Question

Three blocks of masses $2\text{kg}$, $4\text{kg}$ and $6\text{kg}$ arranged as shown in figure connected by string on a frictionless incline of ${37}^{\circ }$. A force of $120\text{N}$ is applied upward along the incline to the uppermost block. The cords are light. The tensions $T_1$ and $T_2$ in the strings are $(g=10{\text{m/s}}^2,\sin {37}^{\circ }=\frac{3}{5})$

• A. $T_2=60\text{N}$
• B. $T_2=36\text{N}$
• C. $T_1=8\text{N}$
• D. $T_1=20\text{N}$

Answer 1

Answer: (A), (D)

$T_1=20\text{N}$

Given,
Force applied along the inclined plane, $F=120\text{N}$.

Considering the blocks $2\text{kg}$, $4\text{kg}$, $6\text{kg}$ and string as a part of single system.

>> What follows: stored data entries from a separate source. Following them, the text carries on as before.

(* For every $k\in\mathbb N$ and $\mu\in\{0,\dots,L-1\}$, let $Q$ be a matrix whose columns form an orthonormal basis of $\operatorname{range}(W_{k,\mu+1})$. Then $$f(v_{k,\mu+1})-f(v_{k,\mu})=-\frac{1}{2\|b\|^2}\big\langle Q(Q^TAQ)^{-1}Q^Tr_{k,\mu},\,r_{k,\mu}\big\rangle .$$
   Context: Let $\mathcal V=\bigotimes_{\nu=1}^d\mathbb R^{m_\nu}\cong\mathbb R^N$ with the Euclidean inner product $\langle\cdot,\cdot\rangle$ and norm $\|\cdot\|$. Let $A\in\mathbb R^{N\times N}$ be symmetric positive definite, $b\in\mathcal V\setminus\{0\}$, $f(v)=\frac{1}{\|b\|^2}(\frac12\langle Av,v\rangle-\langle b,v\rangle)$. Let $L\ge d$, $P_1,\dots,P_L$ finite-dimensional real inner product spaces, $P=P_1\times\dots\times P_L$, $U:P\to\mathcal V$ multilinear, $F=f\circ U$. For $\mathbf p\in P$, $W_{\mu,\mathbf p^{[\mu]}}:P_\mu\to\mathcal V$ is $q\mapsto U(p_1,\dots,p_{\mu-1},q,p_{\mu+1},\dots,p_L)$; $X^T$ transpose, $X^+$ pseudoinverse (w.r.t. orthonormal bases). ALS: choose $\mathbf p_1=(p_1^1,\dots,p_L^1)\in P$; for $k=1,2,\dots$ and $\mu=1,\dots,L$ in order, $W_{k,\mu}:=W_{\mu,(p_1^{k+1},\dots,p_{\mu-1}^{k+1},p_{\mu+1}^k,\dots,p_L^k)}$ and $p_\mu^{k+1}:=(W_{k,\mu}^TAW_{k,\mu})^+W_{k,\mu}^Tb$. For $\mu\in\{0,\dots,L\}$ put $v_{k,\mu}=U(p_1^{k+1},\dots,p_\mu^{k+1},p_{\mu+1}^k,\dots,p_L^k)$ and $r_{k,\mu}=b-Av_{k,\mu}$. *)

theory Defs
  imports "Jordan_Normal_Form.Matrix"
begin

definition pinv_mat :: "real mat \<Rightarrow> real mat" where
  "pinv_mat M = (THE X. X \<in> carrier_mat (dim_col M) (dim_row M) \<and>
      M * X * M = M \<and> X * M * X = X \<and>
      transpose_mat (M * X) = M * X \<and> transpose_mat (X * M) = X * M)"

definition inv_mat :: "real mat \<Rightarrow> real mat" where
  "inv_mat M = (THE X. X \<in> carrier_mat (dim_row M) (dim_row M) \<and>
      M * X = 1\<^sub>m (dim_row M) \<and> X * M = 1\<^sub>m (dim_row M))"

definition spd :: "nat \<Rightarrow> real mat \<Rightarrow> bool" where
  "spd N A \<longleftrightarrow> A \<in> carrier_mat N N \<and> transpose_mat A = A \<and>
     (\<forall>v \<in> carrier_vec N. v \<noteq> 0\<^sub>v N \<longrightarrow> v \<bullet> (A *\<^sub>v v) > 0)"

text \<open>U : P_1 x ... x P_L \<rightarrow> R^N is multilinear, where P_j = R^(n j) and a point of P
  is a function p with p j \<in> carrier_vec (n j) for j \<in> {1..L}.\<close>
definition multilinear_map ::
  "nat \<Rightarrow> (nat \<Rightarrow> nat) \<Rightarrow> nat \<Rightarrow> ((nat \<Rightarrow> real vec) \<Rightarrow> real vec) \<Rightarrow> bool" where
  "multilinear_map L n N U \<longleftrightarrow>
     (\<forall>p. (\<forall>j\<in>{1..L}. p j \<in> carrier_vec (n j)) \<longrightarrow> U p \<in> carrier_vec N) \<and>
     (\<forall>p mu. (\<forall>j\<in>{1..L}. p j \<in> carrier_vec (n j)) \<longrightarrow> mu \<in> {1..L} \<longrightarrow>
        (\<forall>x \<in> carrier_vec (n mu). \<forall>y \<in> carrier_vec (n mu). \<forall>a b :: real.
           U (p(mu := a \<cdot>\<^sub>v x + b \<cdot>\<^sub>v y)) = a \<cdot>\<^sub>v U (p(mu := x)) + b \<cdot>\<^sub>v U (p(mu := y))))"

definition W_map :: "((nat \<Rightarrow> real vec) \<Rightarrow> real vec) \<Rightarrow> (nat \<Rightarrow> real vec) \<Rightarrow> nat \<Rightarrow> real vec \<Rightarrow> real vec" where
  "W_map U p mu q = U (p(mu := q))"

definition W_mat :: "((nat \<Rightarrow> real vec) \<Rightarrow> real vec) \<Rightarrow> (nat \<Rightarrow> nat) \<Rightarrow> nat \<Rightarrow>
    (nat \<Rightarrow> real vec) \<Rightarrow> nat \<Rightarrow> real mat" where
  "W_mat U n N p mu = mat N (n mu) (\<lambda>(i, j). W_map U p mu (unit_vec (n mu) j) $ i)"

definition als_update :: "real mat \<Rightarrow> real vec \<Rightarrow> ((nat \<Rightarrow> real vec) \<Rightarrow> real vec) \<Rightarrow>
    (nat \<Rightarrow> nat) \<Rightarrow> nat \<Rightarrow> (nat \<Rightarrow> real vec) \<Rightarrow> nat \<Rightarrow> (nat \<Rightarrow> real vec)" where
  "als_update A b U n N p mu =
     (let W = W_mat U n N p mu
      in p(mu := pinv_mat (transpose_mat W * A * W) *\<^sub>v (transpose_mat W *\<^sub>v b)))"

primrec als_part :: "real mat \<Rightarrow> real vec \<Rightarrow> ((nat \<Rightarrow> real vec) \<Rightarrow> real vec) \<Rightarrow>
    (nat \<Rightarrow> nat) \<Rightarrow> nat \<Rightarrow> (nat \<Rightarrow> real vec) \<Rightarrow> nat \<Rightarrow> (nat \<Rightarrow> real vec)" where
  "als_part A b U n N p0 0 = p0"
| "als_part A b U n N p0 (Suc mu) = als_update A b U n N (als_part A b U n N p0 mu) (Suc mu)"

text \<open>als_start ... p1 k = the iterate p_k (paper indexing, k \<ge> 1; p_1 is the initial point).\<close>
fun als_start :: "real mat \<Rightarrow> real vec \<Rightarrow> ((nat \<Rightarrow> real vec) \<Rightarrow> real vec) \<Rightarrow>
    (nat \<Rightarrow> nat) \<Rightarrow> nat \<Rightarrow> nat \<Rightarrow> (nat \<Rightarrow> real vec) \<Rightarrow> nat \<Rightarrow> (nat \<Rightarrow> real vec)" where
  "als_start A b U n N L p1 0 = p1"
| "als_start A b U n N L p1 (Suc 0) = p1"
| "als_start A b U n N L p1 (Suc (Suc k)) = als_part A b U n N (als_start A b U n N L p1 (Suc k)) L"

text \<open>The tuple (p_1^{k+1},...,p_mu^{k+1},p_{mu+1}^k,...,p_L^k), so v_{k,mu} = U of it.\<close>
definition als_state :: "real mat \<Rightarrow> real vec \<Rightarrow> ((nat \<Rightarrow> real vec) \<Rightarrow> real vec) \<Rightarrow>
    (nat \<Rightarrow> nat) \<Rightarrow> nat \<Rightarrow> nat \<Rightarrow> (nat \<Rightarrow> real vec) \<Rightarrow> nat \<Rightarrow> nat \<Rightarrow> (nat \<Rightarrow> real vec)" where
  "als_state A b U n N L p1 k mu = als_part A b U n N (als_start A b U n N L p1 k) mu"

definition f_obj :: "real mat \<Rightarrow> real vec \<Rightarrow> real vec \<Rightarrow> real" where
  "f_obj A b v = (1 / (b \<bullet> b)) * ((1/2) * ((A *\<^sub>v v) \<bullet> v) - b \<bullet> v)"

end

theory Submission
  imports Defs "Jordan_Normal_Form.Determinant"
begin

(*
  Write v = v_{k,mu} and W = W_{k,mu+1}. By multilinearity v lies in range W, and the ALS
  update is v_{k,mu+1} = W (W^T A W)^+ W^T b. If B has a left inverse and the same range as W,
  then W = B C with C of full row rank, and the Penrose conditions identify
  W (W^T A W)^+ W^T with B (B^T A B)^{-1} B^T. For B = Q this says that v_{k,mu+1} = P b with
  P = Q (Q^T A Q)^{-1} Q^T, the Galerkin approximation of A^{-1} b in range Q; hence
  v_{k,mu+1} - v = P r_{k,mu}, and the new residual is orthogonal to this correction.
  Expanding the quadratic f along the correction gives the formula.
  The same identification for a basis of range W, extracted column by column, shows that the
  pseudoinverse always has the expected dimensions, so that all iterates are well formed.
*)

lemma real_scalar_prod_self_eq_0:
  fixes v :: "real vec"
  assumes "v \<in> carrier_vec n"
  shows "v \<bullet> v = 0 \<longleftrightarrow> v = 0\<^sub>v n"
  using conjugate_square_eq_0_vec[OF assms] by simp

lemma mult_mat_vec_zero [simp]:
  "A \<in> carrier_mat nr nc \<Longrightarrow> A *\<^sub>v 0\<^sub>v nc = (0\<^sub>v nr :: 'a :: semiring_0 vec)"
  by (intro eq_vecI) auto

lemma mat_eq_vecI:
  fixes A B :: "'a :: comm_ring_1 mat"
  assumes A: "A \<in> carrier_mat nr nc" and B: "B \<in> carrier_mat nr nc"
    and eq: "\<And>v. v \<in> carrier_vec nc \<Longrightarrow> A *\<^sub>v v = B *\<^sub>v v"
  shows "A = B"
proof (rule eq_matI)
  fix i j assume i: "i < dim_row B" and j: "j < dim_col B"
  have "(A *\<^sub>v unit_vec nc j) $ i = (B *\<^sub>v unit_vec nc j) $ i" using eq by simp
  then show "A $$ (i,j) = B $$ (i,j)" using A B i j by simp
qed (use A B in auto)
lemma half_lifts_subset_dual:
  assumes "skew_weighing n m W" "m mod 8 = 3"
  shows "half_lifts n W \<subseteq> dual_lattice (2 * n) (half_lifts n W)"
proof
  fix v assume "v \<in> half_lifts n W"
  then obtain y where v: "v = (1/2) \<cdot>\<^sub>v map_vec real_of_int y" and y: "C4_lift n W y"
    unfolding half_lifts_def by blast
  have "v \<bullet> w \<in> \<int>" if "w \<in> half_lifts n W" for w
  proof -
    obtain z where w: "w = (1/2) \<cdot>\<^sub>v map_vec real_of_int z" and z: "C4_lift n W z"
      using \<open>w \<in> half_lifts n W\<close> unfolding half_lifts_def by blast
    have vw: "v \<bullet> w = real_of_int (y \<bullet> z) / real_of_int 4"
      unfolding v w using C4_lift_dimD[OF y] C4_lift_dimD[OF z] scalar_prod_half_of_int by simp
    show ?thesis unfolding vw
      using C4_lift_inner_dvd4[OF assms y z] by (subst of_int_divide_in_Ints_iff) simp_all
  qed
  moreover have "v \<in> carrier_vec (2 * n)" using C4_lift_dimD[OF y] unfolding v by (intro carrier_vecI) simp
  ultimately show "v \<in> dual_lattice (2 * n) (half_lifts n W)" unfolding dual_lattice_def by blast
qed

lemma dual_half_lifts_double_in_Ints:
  assumes v: "v \<in> dual_lattice (2 * n) (half_lifts n W)" and i: "i < 2 * n"
  shows "2 * v $ i \<in> \<int>"
proof -
  define e :: "int vec" where "e = 4 \<cdot>\<^sub>v unit_vec (2 * n) i"
  have "C4_lift n W e"
    by (rule C4_lift_cong_mod4[OF C4_lift_zero]) (simp_all add: e_def)
  hence "v \<bullet> ((1/2) \<cdot>\<^sub>v map_vec real_of_int e) \<in> \<int>"
    using v unfolding dual_lattice_def half_lifts_def by blast
  moreover have "v \<bullet> ((1/2) \<cdot>\<^sub>v map_vec real_of_int e) = 2 * v $ i"
  proof -
    have "v \<bullet> ((1/2) \<cdot>\<^sub>v map_vec real_of_int e) = (\<Sum>k\<in>{0..<2 * n}. if k = i then 2 * v $ i else 0)"
      unfolding scalar_prod_def by (intro sum.cong) (auto simp: e_def unit_vec_def)
    thus ?thesis using i by simp
  qed
  ultimately show ?thesis by simp
qed

lemma dual_subset_half_lifts:
  assumes W: "skew_weighing n m W" and m: "m mod 8 = 3"
  shows "dual_lattice (2 * n) (half_lifts n W) \<subseteq> half_lifts n W"
proof
  fix v assume v: "v \<in> dual_lattice (2 * n) (half_lifts n W)"
  have dim_v: "dim_vec v = 2 * n" using v unfolding dual_lattice_def by auto
  define y where "y = vec (2 * n) (\<lambda>i. \<lfloor>2 * v $ i\<rfloor>)"
  have dim_y: "dim_vec y = 2 * n" by (simp add: y_def)
  have "real_of_int (y $ i) = 2 * v $ i" if "i < 2 * n" for i
    using dual_half_lifts_double_in_Ints[OF v that] that unfolding y_def by (auto elim: Ints_cases)
  hence v_eq: "v = (1/2) \<cdot>\<^sub>v map_vec real_of_int y"
    by (intro eq_vecI) (auto simp: dim_v dim_y)
  have "C4_lift n W y"
  proof (rule C4_lift_if_orthogonal_generators[OF W m])
    fix l assume "l < n"
    let ?g = "encode n W (unit_vec n l)"
    have "v \<bullet> ((1/2) \<cdot>\<^sub>v map_vec real_of_int ?g) \<in> \<int>"
      using v C4_lift_encode unfolding dual_lattice_def half_lifts_def by blast
    moreover have "v \<bullet> ((1/2) \<cdot>\<^sub>v map_vec real_of_int ?g) = real_of_int (y \<bullet> ?g) / real_of_int 4"
      unfolding v_eq using scalar_prod_half_of_int[of y ?g] by (simp add: y_def encode_def)
    ultimately show "4 dvd (y \<bullet> ?g)" by (simp only: of_int_divide_in_Ints_iff)
  qed (rule dim_y)
  thus "v \<in> half_lifts n W" unfolding v_eq half_lifts_def by blast
qed

lemma half_lifts_even:
  assumes "skew_weighing n m W" "m mod 8 = 3" "v \<in> half_lifts n W"
  shows "\<exists>j::int. v \<bullet> v = 2 * real_of_int j"
proof -
  obtain y where v: "v = (1/2) \<cdot>\<^sub>v map_vec real_of_int y" and y: "C4_lift n W y"
    using assms(3) unfolding half_lifts_def by blast
  obtain j where "y \<bullet> y = 8 * j" using C4_lift_norm_dvd8[OF assms(1,2) y] by auto
  hence "v \<bullet> v = 2 * real_of_int j" unfolding v using scalar_prod_half_of_int[of y y] by simp
  thus ?thesis by blast
qed

lemma even_unimodular_constrA_C4_tilde:
  assumes "skew_weighing n m W" "m mod 8 = 3"
  shows "even_unimodular (2 * n) (constrA 4 (2 * n) (C4_tilde n W))"
  unfolding even_unimodular_def constrA_C4_tilde_eq[OF skew_weighing_carrier[OF assms(1)]]
  using half_lifts_subset_dual[OF assms] dual_subset_half_lifts[OF assms] half_lifts_even[OF assms]
  by blast

section \<open>The frame\<close>

definition IW_comb :: "int mat \<Rightarrow> int \<Rightarrow> int \<Rightarrow> nat \<Rightarrow> nat \<Rightarrow> int" where
  "IW_comb W \<alpha> \<beta> i k = \<alpha> * (if i = k then 1 else 0) + \<beta> * W $$ (i, k)"

definition block_row :: "nat \<Rightarrow> int mat \<Rightarrow> int \<Rightarrow> int \<Rightarrow> int \<Rightarrow> int \<Rightarrow> nat \<Rightarrow> int vec" where
  "block_row n W \<alpha> \<beta> \<gamma> \<delta> i =
     vec (2 * n) (\<lambda>k. if k < n then IW_comb W \<alpha> \<beta> i k else IW_comb W \<gamma> \<delta> i (k - n))"

lemma IW_comb_inner:
  assumes W: "skew_weighing n m W" and i: "i < n" and j: "j < n"
  shows "(\<Sum>k<n. IW_comb W \<alpha> \<beta> i k * IW_comb W \<alpha>' \<beta>' j k)
     = (\<alpha> * \<alpha>' + int m * \<beta> * \<beta>') * (if i = j then 1 else 0) + (\<beta> * \<alpha>' - \<alpha> * \<beta>') * W $$ (i, j)"
proof -
  have "(\<Sum>k<n. IW_comb W \<alpha> \<beta> i k * IW_comb W \<alpha>' \<beta>' j k)
      = (\<Sum>k<n. (if k = i then \<alpha> * \<alpha>' * (if i = j then 1 else 0) + \<alpha> * \<beta>' * W $$ (j, i) else 0)
             + (if k = j then \<beta> * \<alpha>' * W $$ (i, j) else 0) + \<beta> * \<beta>' * (W $$ (i, k) * W $$ (j, k)))"
    by (intro sum.cong refl) (auto simp: IW_comb_def algebra_simps)
  also have "\<dots> = \<alpha> * \<alpha>' * (if i = j then 1 else 0) + \<alpha> * \<beta>' * W $$ (j, i) + \<beta> * \<alpha>' * W $$ (i, j)
      + \<beta> * \<beta>' * (\<Sum>k<n. W $$ (i, k) * W $$ (j, k))"
    using i j by (simp add: sum.distrib sum_distrib_left)
  also have "\<dots> = (\<alpha> * \<alpha>' + int m * \<beta> * \<beta>') * (if i = j then 1 else 0) + (\<beta> * \<alpha>' - \<alpha> * \<beta>') * W $$ (i, j)"
    unfolding skew_weighing_rows_orthogonal[OF W i j] skew_weighing_skew[OF W j i]
    by (simp add: algebra_simps)
  finally show ?thesis .
qed
(* Let $Y$ be a separable infinite-dimensional Hilbert space and let $U\in L(Y)$ be a unitary operator. For every $\varepsilon>0$ there exist a separable Hilbert space $X$, a diagonal operator $D_{\mathrm{diag}}\in L(X)$ with $\|D_{\mathrm{diag}}\|\le 1+\varepsilon$, and an isometry $V:Y\to X$ such that $V^*D_{\mathrm{diag}}V=U$.
   Context: An operator $D\in L(X)$ is diagonal if $X$ has an orthonormal basis consisting of eigenvectors of $D$. *)

theory Defs
  imports Complex_Main "HOL-Library.Countable_Set"
begin

text \<open>The inner product is conjugate-linear in the first and linear in the second argument.\<close>

record 'a hspace =
  hvecs  :: "'a set"
  hadd   :: "'a \<Rightarrow> 'a \<Rightarrow> 'a"
  hscale :: "complex \<Rightarrow> 'a \<Rightarrow> 'a"
  hzero  :: "'a"
  hinner :: "'a \<Rightarrow> 'a \<Rightarrow> complex"

definition hsub :: "'a hspace \<Rightarrow> 'a \<Rightarrow> 'a \<Rightarrow> 'a" where
  "hsub H x y = hadd H x (hscale H (-1) y)"

definition hnorm :: "'a hspace \<Rightarrow> 'a \<Rightarrow> real" where
  "hnorm H x = sqrt (Re (hinner H x x))"
definition the_poly_at :: "nat \<Rightarrow> nat \<Rightarrow> nat list \<Rightarrow> nat list \<Rightarrow> (nat \<Rightarrow> nat \<Rightarrow> nat) \<Rightarrow>
    (nat \<Rightarrow> nat \<Rightarrow> nat) \<Rightarrow> (nat \<Rightarrow> nat) \<Rightarrow> 'a::comm_ring_1 mat \<Rightarrow> 'a" where
  "the_poly_at k r lam gam A B c M =
     (\<Sum>\<sigma> \<in> {\<sigma>. \<sigma> permutes {0..<Suc r}}.
        signof \<sigma> * (\<Prod>j<length lam. bracket M (block_seq k lam gam A B c \<sigma> j)))"

end

theory Submission
  imports Defs
begin

text \<open>Replace the columns \<open>c\<^sub>1, \<dots>, c\<^sub>r\<^sub>+\<^sub>1\<close> by arbitrary vectors \<open>w\<^sub>1, \<dots>, w\<^sub>r\<^sub>+\<^sub>1\<close>. The resulting
  expression is multilinear in the \<open>w\<^sub>l\<close>, since each \<open>w\<^sub>l\<close> occupies exactly one column of exactly
  one bracket, and alternating, since precomposing \<open>\<sigma>\<close> with a transposition only flips the sign.
  On \<open>X\<^sub>S\<^sub>\<le>\<^sub>r\<close> the \<open>r + 1\<close> columns indexed by \<open>c\<^sub>i \<in> S\<close> lie in a space of dimension at most \<open>r\<close>,
  hence are linearly dependent, and an alternating multilinear form vanishes on a linearly
  dependent family.\<close>

definition multilinear_form :: "nat \<Rightarrow> ((nat \<Rightarrow> 'b \<Rightarrow> 'a::comm_ring_1) \<Rightarrow> 'a) \<Rightarrow> bool" where
  "multilinear_form N F \<longleftrightarrow> (\<forall>i<N. \<forall>w (L :: nat set) \<beta> h. finite L \<longrightarrow>
     F (w(i := (\<lambda>t. \<Sum>l\<in>L. \<beta> l * h l t))) = (\<Sum>l\<in>L. \<beta> l * F (w(i := h l))))"

definition alternating_form :: "nat \<Rightarrow> ((nat \<Rightarrow> 'b \<Rightarrow> 'a::comm_ring_1) \<Rightarrow> 'a) \<Rightarrow> bool" where
  "alternating_form N F \<longleftrightarrow> (\<forall>w i l. i < N \<longrightarrow> l < N \<longrightarrow> i \<noteq> l \<longrightarrow> w i = w l \<longrightarrow> F w = 0)"

lemma alternating_multilinear_form_dependent_eq_0:
  fixes F :: "(nat \<Rightarrow> 'b \<Rightarrow> 'a::field) \<Rightarrow> 'a"
  assumes lin: "multilinear_form N F" and alt: "alternating_form N F"
    and i: "i < N" "v i \<noteq> 0" and rel: "\<And>t. (\<Sum>l<N. v l * w l t) = 0"
  shows "F w = 0"
proof -
  define L where "L = {..<N} - {i}"
  define \<beta> where "\<beta> l = - v l / v i" for l
  have "w i = (\<lambda>t. \<Sum>l\<in>L. \<beta> l * w l t)"
  proof
    fix t
    have "(\<Sum>l<N. v l * w l t) = v i * w i t + (\<Sum>l\<in>L. v l * w l t)"
      unfolding L_def using i(1) by (intro sum.remove) auto
    then have "w i t * v i = - (\<Sum>l\<in>L. v l * w l t)"
      using rel[of t] by (simp add: eq_neg_iff_add_eq_0 mult.commute)
    then have "w i t = - (\<Sum>l\<in>L. v l * w l t) / v i"
      using i(2) by (metis eq_divide_eq)
    then show "w i t = (\<Sum>l\<in>L. \<beta> l * w l t)"
      unfolding \<beta>_def by (simp add: sum_divide_distrib sum_negf)
  qed
  then have "F w = F (w(i := (\<lambda>t. \<Sum>l\<in>L. \<beta> l * w l t)))"
    by (metis fun_upd_triv)
  also have "\<dots> = (\<Sum>l\<in>L. \<beta> l * F (w(i := w l)))"
    using lin i(1) unfolding multilinear_form_def L_def by simp
  also have "\<dots> = 0"
  proof (intro sum.neutral ballI)
    fix l assume "l \<in> L"
    then have "l < N" "l \<noteq> i" "(w(i := w l)) i = (w(i := w l)) l"
      unfolding L_def by auto
    then show "\<beta> l * F (w(i := w l)) = 0"
      using alt i(1) unfolding alternating_form_def by simp
  qed
  finally show ?thesis .
qed

definition mat_of_col_fun :: "nat \<Rightarrow> (nat \<Rightarrow> nat \<Rightarrow> 'a) \<Rightarrow> 'a mat" where
  "mat_of_col_fun n g = mat n n (\<lambda>(i, j). g j i)"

Net upward force acting along the inclined plane is,

$F_{net}=F-12g\sin {37}^{\circ }$

$\Rightarrow F_{net}=120-120\times \frac{3}{5}=48\text{N}$

So, the net upward acceleration,

$\Rightarrow a=\frac{F_{net}}{M_{system}}=\frac{48}{12}$

$\therefore a=4{\text{m/s}}^2$

All the blocks will have some acceleration $a$ such that length of every string remains constant.

$\text{F.B.D of 4 kg}:$


Balancing force along the inclined plane:

$T_2-T_1-4g\sin {37}^{\circ }=4a...\left(1\right)$

Similarly for $6\text{kg}$ block we can write,

$F-T_2-6g\sin {37}^{\circ }=6a$

$\Rightarrow 120-T_2-6\times 10\times \frac{3}{5}=6\times 4$

$\Rightarrow 120-T_2-36=24$

$\therefore T_2=60\text{N}$

Substituting the value of $T_2$ in equation $\left(1\right)$, we get

$60-T_1-4\times 10\times \left(\frac{3}{5}\right)=4\times 4$

$\Rightarrow 60-T_1-24=16$

$\therefore T_1=20\text{N}$

Hence, options (c) and (d) are the correct alternatives.